Saturday, March 5, 2011

yayyyyyy!!!!!!!!!!


I got my dress woot woot! It's a satin silver mermaid dress ^^ I love it so much....but it wasn't THE dress.....THE dress was the satin dark blue mermaid halterT-T
o well

so my homework:
m: txbk, test tues
bio: test thurs, read
lit: poem, get the play Wit by Margaret Edson by next friday
gov: read, test tues, Socratic seminar, hardball

soooooooo much effin hwT-T

buttttttttt....i am imagining my prom image
Nana steps out of the limo door wearing silver pumps with red nailpolish on her toes and fingers, the silver mermaid dress, a shiny silver necklace, deep red lipstick, flawless face and natural eye makeup, false lashes, a messy updo tied into a bun in the back with a deep red flower on the side, and a few strands of hair falling from both sides to frame her face

Friday, March 4, 2011

i just want a no emotion button

crycrycry i hate myself so much...so much guilt and anger in a bottle....i think i'll just sleep now....to tired to do anything....

Wednesday, March 2, 2011

Happy Birthday James!


Today is James's birthday^^ I'm guessing he's 20....he won't tell me his real age:P I'd get him a present that isn't edible but he's leaving for the Marines for 5 years soooo.....there's no use in getting him something that he's going to let collect dust in about a month....sigh he's leaving April 11th I think....boy u better make me proud:P

I feel so much at ease right now....I probably shouldn't be though...lets see
math: forget it tonight
physics: test
gov: stupid wkst and txbk; term Q friday, hardball
lit: print out papers and read 30 pgs of sounds for poetryT.T; poem

seriously why is fleenor making this semester all about us teaching each other?>:[
grrrrrrrrrr....i understand his methods but i think he should allow us students to give each other quizzes instead of him...no one is taking this peer teaching seriously either....we should be assigned homework and be given tests or quizzes for grades...I just don't like how he's not teaching us anything...grrrrrrrr...and i really hate poetry

I went to caribou to study with katherine after school and did physics all web^^ I just hope I can get a decent prom dress...I'll probably promise my parents that i'll pay for half the price of the dress....we'll see

Tuesday, March 1, 2011

Work Out Baby!


haha today I ran at the park with Anne for 30 minutes^^...I can say I feel amazing right now...or at least.....better than I would if I hadn't exercised at all.

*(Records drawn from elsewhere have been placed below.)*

lemma gaussian_normalization_constant:
  "(2*pi) powr (- real n/2) * ((2 * sqrt pi) ^ n * sqrt pi ^ n) = (2*pi) powr (real n/2)"
proof -
  have "(2 * sqrt pi) ^ n * sqrt pi ^ n = (2 * sqrt pi * sqrt pi) ^ n"
    by (rule power_mult_distrib[symmetric])
  also have "\<dots> = (2*pi) powr real n"
    by (simp add: powr_realpow mult.assoc)
  finally have "(2*pi) powr (- real n/2) * ((2 * sqrt pi) ^ n * sqrt pi ^ n)
      = (2*pi) powr (- real n/2) * (2*pi) powr real n"
    by (simp only:)
  also have "\<dots> = (2*pi) powr (real n/2)"
    by (simp flip: powr_add)
  finally show ?thesis .
qed

lemma damped_integral_LIMSEQ:
  assumes \<Psi>: "schwartz (\<Psi> :: real^'n \<Rightarrow> complex)"
  shows "(\<lambda>k. damped_integral \<Psi> (1 / real (Suc k)))
           \<longlonglongrightarrow> complex_of_real ((2*pi) powr (real CARD('n)/2)) * \<Psi> 0"
proof -
  let ?s = "\<lambda>k::nat. 1 / real (Suc k)"
  let ?average = "\<lambda>k. \<integral>\<eta>. complex_of_real (exp (- (\<eta> \<bullet> \<eta>))) * \<Psi> ((2 * sqrt (?s k)) *\<^sub>R \<eta>) \<partial>lborel"
  have continuous: "continuous_on UNIV \<Psi>"
    using schwartz_fast_decay[OF \<Psi>, of "[]"] by (simp add: fast_decay_def)
  obtain B where "\<And>x. (1 + norm x)^0 * norm (iter_partial [] \<Psi> x) \<le> B"
    using \<Psi> unfolding schwartz_def by blast
  then have bounded: "\<And>x. norm (\<Psi> x) \<le> B" by simp
  have "?s \<longlonglongrightarrow> 0" using LIMSEQ_Suc[OF lim_1_over_n[where 'a=real]] by simp
  then have "(\<lambda>k. 2 * sqrt (?s k)) \<longlonglongrightarrow> 0"
    using tendsto_mult[OF tendsto_const[of 2] tendsto_real_sqrt] by fastforce
  from gaussian_average_dilation_LIMSEQ[OF continuous bounded this]
  have average: "?average \<longlonglongrightarrow> complex_of_real (sqrt pi ^ CARD('n)) * \<Psi> 0"
    by simp
  have "(\<lambda>k. damped_integral \<Psi> (?s k)) = (\<lambda>k. complex_of_real ((2*pi) powr (- real CARD('n)/2))
      * (complex_of_real ((2 * sqrt pi) ^ CARD('n)) * ?average k))"
    by (intro ext damped_integral_eq_gaussian_average[OF \<Psi>]) simp
  moreover have "complex_of_real ((2*pi) powr (real CARD('n)/2)) * \<Psi> 0
      = complex_of_real ((2*pi) powr (- real CARD('n)/2))
        * (complex_of_real ((2 * sqrt pi) ^ CARD('n)) * (complex_of_real (sqrt pi ^ CARD('n)) * \<Psi> 0))"
    by (simp only: of_real_mult mult.assoc flip: gaussian_normalization_constant)
  ultimately show ?thesis
    by (simp only:) (intro tendsto_mult_left average)
qed

lemma fourier_inversion_at_0:
  assumes \<Psi>: "schwartz (\<Psi> :: real^'n \<Rightarrow> complex)"
  shows "(\<integral>z. fourier \<Psi> z \<partial>lborel) = complex_of_real ((2*pi) powr (real CARD('n)/2)) * \<Psi> 0"
proof -
  have "(\<lambda>k. 1 / real (Suc k)) \<longlonglongrightarrow> 0" using LIMSEQ_Suc[OF lim_1_over_n[where 'a=real]] by simp
  then have "(\<lambda>k. damped_integral \<Psi> (1 / real (Suc k))) \<longlonglongrightarrow> damped_integral \<Psi> 0"
    by (rule damped_integral_continuous_at_0[OF \<Psi>, rotated]) simp
  from LIMSEQ_unique[OF this damped_integral_LIMSEQ[OF \<Psi>]] show ?thesis
    by (simp add: damped_integral_def)
qed

lemma damped_integral_bounded_away_from_0:
  assumes \<Psi>: "schwartz (\<Psi> :: real^'n \<Rightarrow> complex)" and "\<Psi> 0 \<noteq> 0"
  obtains s\<^sub>0 \<delta> where "0 < s\<^sub>0" "0 < \<delta>" "\<And>s. 0 \<le> s \<Longrightarrow> s \<le> s\<^sub>0 \<Longrightarrow> \<delta> \<le> norm (damped_integral \<Psi> s)"
proof -
  define \<delta> where "\<delta> = norm (damped_integral \<Psi> 0) / 2"
  have "damped_integral \<Psi> 0 = (\<integral>z. fourier \<Psi> z \<partial>lborel)"
    by (simp add: damped_integral_def)
  then have "damped_integral \<Psi> 0 \<noteq> 0"
    using assms by (simp add: fourier_inversion_at_0)
  then have \<delta>: "0 < \<delta>" by (simp add: \<delta>_def)
  have "\<exists>s\<^sub>0>0. \<forall>s. 0 \<le> s \<longrightarrow> s \<le> s\<^sub>0 \<longrightarrow> \<delta> \<le> norm (damped_integral \<Psi> s)"
  proof (rule ccontr)
    assume "\<not> ?thesis"
    then have "\<forall>k::nat. \<exists>s. 0 \<le> s \<and> s \<le> 1 / real (Suc k) \<and> norm (damped_integral \<Psi> s) < \<delta>"
      by (metis not_le of_nat_0_less_iff zero_less_Suc zero_less_divide_1_iff)
    then obtain s where s: "\<And>k. 0 \<le> s k" "\<And>k. s k \<le> 1 / real (Suc k)"
        "\<And>k. norm (damped_integral \<Psi> (s k)) < \<delta>"
      by metis
    have "s \<longlonglongrightarrow> 0"
    proof (rule real_tendsto_sandwich[where f="\<lambda>_. 0" and h="\<lambda>k. 1 / real (Suc k)"])
      show "(\<lambda>k. 1 / real (Suc k)) \<longlonglongrightarrow> 0"
        using LIMSEQ_Suc[OF lim_1_over_n[where 'a=real]] by simp
    qed (use s in auto)
    from tendsto_norm[OF damped_integral_continuous_at_0[OF \<Psi> s(1) this]]
    have "norm (damped_integral \<Psi> 0) \<le> \<delta>"
      by (rule LIMSEQ_le_const2) (use s(3) in \<open>auto intro: less_imp_le\<close>)
    then show False using \<delta> by (simp add: \<delta>_def)
  qed
  with \<delta> that show ?thesis by blast
qed
section \<open>Gaussians are Schwartz functions\<close>

inductive_set poly_fun :: "(real^'n::finite \<Rightarrow> complex) set" where
  const: "(\<lambda>_. a) \<in> poly_fun"
| coord: "(\<lambda>y. complex_of_real (y $ (i::'n))) \<in> poly_fun"
| add: "p \<in> poly_fun \<Longrightarrow> q \<in> poly_fun \<Longrightarrow> (\<lambda>y. p y + q y) \<in> poly_fun"
| mult: "p \<in> poly_fun \<Longrightarrow> q \<in> poly_fun \<Longrightarrow> (\<lambda>y. p y * q y) \<in> poly_fun"

lemma continuous_poly_fun: "p \<in> poly_fun \<Longrightarrow> continuous_on UNIV p"
  by (induction rule: poly_fun.induct) (auto intro!: continuous_intros)
(* Let $c^\star:\Delta(S)\to[0,\infty]$ be grounded, convex and lower semi-continuous (the objective output-distribution cost), and let $\succeq$ be an unbounded moral-hazard preference with parsimonious representation $(c,u)$. Then $\succeq$ is overconfident if and only if $c(p)\le c^\star(p)$ for all $p\in\Delta(S)$, and $\succeq$ is optimistic if and only if $c$ is up-shifted from $c^\star$.
   Context: $S=\{s_1<\dots<s_{|S|}\}$ finite totally ordered, $\Delta(S)$ its simplex. $\Pi\subseteq\mathbb{R}$ convex; $\Delta(\Pi)$ finite-support distributions on $\Pi$; contracts $w:S\to\Delta(\Pi)$, set $W$; constant contracts identified with elements of $\Delta(\Pi)$; mixtures are probability mixtures. $u$ extends to $\Delta(\Pi)$ by expectation. Fixed reference prizes $\pi_0<\pi_1$; normalised means $\{u(\pi_0),u(\pi_1)\}=\{0,1\}$; grounded means infimum $0$. "$p$ FOSD $q$" means $\sum_{s\ge t}p(s)\ge\sum_{s\ge t}q(s)$ for all $t\in S$. A parsimonious representation of $\succeq$ is a pair $(c,u)$ with $c:\Delta(S)\to[0,\infty]$ grounded, convex, lsc and $u:\Pi\to\mathbb{R}$ strictly increasing and normalised, such that $w\succeq w'$ iff $\max_{p}[-c(p)+\sum_s u(w(s))p(s)]\ge\max_p[-c(p)+\sum_s u(w'(s))p(s)]$; a moral-hazard preference is one admitting such a representation. $\succeq$ is unbounded iff there are $x\succ y$ in $\Delta(\Pi)$ such that for every $\alpha\in(0,1)$ there exist $z,z'\in\Delta(\Pi)$ with $y\succ\alpha z+(1-\alpha)x$ and $\alpha z'+(1-\alpha)y\succ x$. More confident: $\succeq$ is more confident than $\succeq'$ iff for all $w\in W$ and constant $x\in\Delta(\Pi)$, $w\succeq'x\Rightarrow w\succeq x$ and $w\succ'x\Rightarrow w\succ x$. Steeper: $w$ is $\succeq$-steeper than $w'$ iff $\tfrac12w(s)+\tfrac12w'(s')\succeq\tfrac12w(s')+\tfrac12w'(s)$ for all $s\ge s'$. More optimistic: $\succeq$ is more optimistic than $\succeq'$ iff whenever $w$ is $\succeq$-steeper than $w'$, $w\succeq'w'\Rightarrow w\succeq w'$ and $w\succ'w'\Rightarrow w\succ w'$. Up-shifted: $c$ is up-shifted from $c'$ iff for any $p,p'\in\Delta(S)$ there exist $q,q'\in\Delta(S)$ with $p$ FOSD $q'$, $q$ FOSD $p'$, $\tfrac12p+\tfrac12p'=\tfrac12q+\tfrac12q'$, and $c(q)+c'(q')\le c(p)+c'(p')$. Absolute notions: for a moral-hazard preference $\succeq$ with (unique normalised, strictly increasing) utility $u$, let $\succeq^\star$ be the moral-hazard preference with parsimonious representation $(c^\star,u)$. $\succeq$ is overconfident iff it is more confident than $\succeq^\star$, and optimistic iff it is more optimistic than $\succeq^\star$. *)

theory Defs
  imports "HOL-Analysis.Analysis" "HOL-Probability.Probability_Mass_Function"
begin

definition DeltaS :: "('s::finite \<Rightarrow> real) set" where
  "DeltaS = {p. (\<forall>s. 0 \<le> p s) \<and> (\<Sum>s\<in>UNIV. p s) = 1}"

definition fosd :: "('s::{finite,linorder} \<Rightarrow> real) \<Rightarrow> ('s \<Rightarrow> real) \<Rightarrow> bool" where
  "fosd p q \<longleftrightarrow> (\<forall>t. (\<Sum>s\<in>{s. s \<ge> t}. p s) \<ge> (\<Sum>s\<in>{s. s \<ge> t}. q s))"
lemma funpow_psi_fixes_iff_powers_additive_at:
  "(\<forall>j<m. (\<psi> ^^ k) j = j) \<longleftrightarrow> powers_additive_at (k mod n)"
proof -
  define r where "r = k mod n"
  have "r < n" using two_le_n by (simp add: r_def)
  have "(\<psi> ^^ k) j = j \<longleftrightarrow>
      (\<forall>b<n. (\<phi> ^^ j) ((r + b) mod n) = ((\<phi> ^^ j) r + (\<phi> ^^ j) b) mod n)"
    if j: "j < m" for j
  proof -
    have "(\<psi> ^^ k) j = j \<longleftrightarrow> (\<forall>b<n. (\<phi> ^^ \<sigma> j r) b = (\<phi> ^^ j) b)"
      using funpow_psi[OF j] funpow_eq_iff_mod[of "\<sigma> j r" j] j by (simp add: r_def)
    moreover have "(\<phi> ^^ \<sigma> j r) b = (\<phi> ^^ j) b \<longleftrightarrow>
        (\<phi> ^^ j) ((r + b) mod n) = ((\<phi> ^^ j) r + (\<phi> ^^ j) b) mod n" if b: "b < n" for b
    proof -
      have "(\<phi> ^^ j) ((r + b) mod n) = ((\<phi> ^^ j) r + (\<phi> ^^ \<sigma> j r) b) mod n"
        using funpow_add_mod[OF \<open>r < n\<close> b] .
      then show ?thesis
        using add_mod_left_cancel_less[of "(\<phi> ^^ j) r" "(\<phi> ^^ \<sigma> j r) b" n "(\<phi> ^^ j) b"]
          funpow_less[OF b] by auto
    qed
    ultimately show ?thesis by blast
  qed
  then show ?thesis unfolding powers_additive_at_def r_def by simp
qed

lemma skew_power_psi:
  assumes "l < m" shows "skew_power m \<psi> l ((\<phi> ^^ l) 1)"
  unfolding skew_power_def
proof (intro allI impI)
  fix j assume j: "j < m"
  have "1 < n" using two_le_n by simp
  have "\<psi> ((l + j) mod m) = \<sigma> (l + j) 1 mod m"
    using psi_eq pi_sum_mod_ord[OF \<open>1 < n\<close>] by simp
  also have "\<dots> = (\<sigma> l 1 mod m + \<sigma> j ((\<phi> ^^ l) 1) mod m) mod m"
    by (simp add: pi_sum_add mod_add_eq)
  also have "\<sigma> j ((\<phi> ^^ l) 1) mod m = (\<psi> ^^ (\<phi> ^^ l) 1) j"
    using funpow_psi[OF j] funpow_less[OF \<open>1 < n\<close>] by simp
  also have "\<sigma> l 1 mod m = \<psi> l"
    by (rule psi_eq[symmetric])
  finally show "\<psi> ((l + j) mod m) = (\<psi> l + (\<psi> ^^ (\<phi> ^^ l) 1) j) mod m" .
qed

lemma ord_psi_dvd_n: "m' dvd n"
proof -
  have "\<forall>j<m. (\<psi> ^^ n) j = j"
    using funpow_psi pi_sum_zero_mod by simp
  then show ?thesis using psi.funpow_fixes_iff_dvd by blast
qed

lemma sum_funpow_psi_mod: "(\<Sum>l<i. (\<phi> ^^ (\<psi> ^^ l) 1) 1) mod n = \<phi> (i mod n)"
proof (induction i)
  case (Suc i)
  have "1 < n" "1 < m" "i mod n < n" using two_le_n two_le_m by simp_all
  have "(\<psi> ^^ i) 1 mod m = \<pi> (i mod n) mod m"
    using funpow_psi[OF \<open>1 < m\<close>] by (simp add: pi_sum_def)
  then have "(\<phi> ^^ (\<psi> ^^ i) 1) 1 = (\<phi> ^^ \<pi> (i mod n)) 1"
    using \<open>1 < n\<close> by (rule funpow_cong_mod)
  have "(\<Sum>l<Suc i. (\<phi> ^^ (\<psi> ^^ l) 1) 1) mod n
      = ((\<Sum>l<i. (\<phi> ^^ (\<psi> ^^ l) 1) 1) mod n + (\<phi> ^^ (\<psi> ^^ i) 1) 1) mod n"
    by (simp add: mod_add_left_eq)
  also have "\<dots> = (\<phi> (i mod n) + (\<phi> ^^ \<pi> (i mod n)) 1) mod n"
    using Suc \<open>(\<phi> ^^ (\<psi> ^^ i) 1) 1 = (\<phi> ^^ \<pi> (i mod n)) 1\<close> by simp
  also have "\<dots> = \<phi> ((i mod n + 1) mod n)"
    using phi_add_mod[OF \<open>i mod n < n\<close> \<open>1 < n\<close>] by simp
  finally show ?case by (simp add: mod_Suc_eq)
qed (simp add: phi_zero)

lemma second_derived_apply:
  assumes i: "i < m'"
  shows "skew_sigma m \<psi> i (1 mod m) = \<phi> i mod m'"
proof -
  have "1 < m" using two_le_m by simp
  have pi_psi: "skew_pi m \<psi> ((\<psi> ^^ l) 1) mod m' = (\<phi> ^^ (\<psi> ^^ l) 1) 1 mod m'" for l
    using psi.skew_pi_correct(2)[OF skew_power_psi] psi.funpow_less[OF \<open>1 < m\<close>]
    by (simp add: skew_sigma_def)
  have "skew_sigma m \<psi> i (1 mod m) = (\<Sum>l<i. skew_pi m \<psi> ((\<psi> ^^ l) 1) mod m') mod m'"
    unfolding skew_sigma_def using \<open>1 < m\<close> by (simp add: mod_sum_eq)
  also have "\<dots> = ((\<Sum>l<i. (\<phi> ^^ (\<psi> ^^ l) 1) 1) mod n) mod m'"
    unfolding pi_psi using ord_psi_dvd_n by (simp add: mod_sum_eq mod_mod_cancel)
  also have "\<dots> = \<phi> i mod m'"
    using sum_funpow_psi_mod i dvd_imp_le[OF ord_psi_dvd_n] two_le_n by simp
  finally show ?thesis .
qed

lemma derived_derived: "derived (derived (n, \<phi>)) = (m', \<lambda>i. skew_sigma m \<psi> i (1 mod m))"
  using two_le_n by (simp add: derived_apply)

end

lemma derived_cong:
  assumes fg: "\<And>x. x < k \<Longrightarrow> f x = g x" and g: "\<And>x. x < k \<Longrightarrow> g x < k" and "0 < k"
  shows "derived (k, f) = derived (k, g)"
proof -
  have funpow: "(f ^^ j) x = (g ^^ j) x \<and> (g ^^ j) x < k" if "x < k" for j x
    using that by (induction j) (simp_all add: fg g)
  have ord: "skew_ord k f = skew_ord k g"
    unfolding skew_ord_def using funpow by simp
  have pi: "skew_pi k f a = skew_pi k g a" if "a < k" for a
    unfolding skew_pi_def ord using fg funpow that \<open>0 < k\<close> by simp
  have "skew_sigma k f x y = skew_sigma k g x y" if "y < k" for x y
    unfolding skew_sigma_def ord using pi funpow that by simp
  then show ?thesis using \<open>0 < k\<close> ord by (simp add: derived_apply)
qed

lemma fst_funpow_derived_one: "h 0 = 0 \<Longrightarrow> fst ((derived ^^ c) (1, h)) = 1"
proof (induction c arbitrary: h)
  case (Suc c)
  have "(h ^^ k) 0 = 0" for k
    by (induction k) (simp_all add: Suc.prems)
  then have "skew_ord 1 h = 1"
    unfolding skew_ord_def using Suc.prems by (intro Least_equality) auto
  then have "(derived ^^ Suc c) (1, h) = (derived ^^ c) (1, \<lambda>x. skew_sigma 1 h x 0)"
    by (simp only: funpow_Suc_right comp_apply derived_apply mod_self)
  then show ?case
    using Suc.IH[of "\<lambda>x. skew_sigma 1 h x 0"] by (simp add: skew_sigma_def)
qed simp

definition geom_sum :: "nat \<Rightarrow> nat \<Rightarrow> nat" where
  "geom_sum u k = (\<Sum>i<k. u ^ i)"

lemma geom_sum_0 [simp]: "geom_sum u 0 = 0"
  by (simp add: geom_sum_def)

lemma geom_sum_add: "geom_sum u (a + b) = geom_sum u a + u ^ a * geom_sum u b"
  by (induction b) (simp_all add: geom_sum_def power_add algebra_simps)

I did eat soup and fried rice as soon as I got home but what the heck^^ The soup was soooooooo delicious I don't even care if all the stuff I burned comes back^.~. We ran a good....5 to 7 laps?...and big laps too^^....She stopped a couple times but I pushed her to keep going! woooooooooo! I wish I had her figureT-T....so pretty....but yeah now i'm working on my lit project....I have sooooo much stuff to do.

math: txbk
gov: worksheet frikin busy work that's goina take forever
lit: projectT-T....seriously...my author has no frikin biography!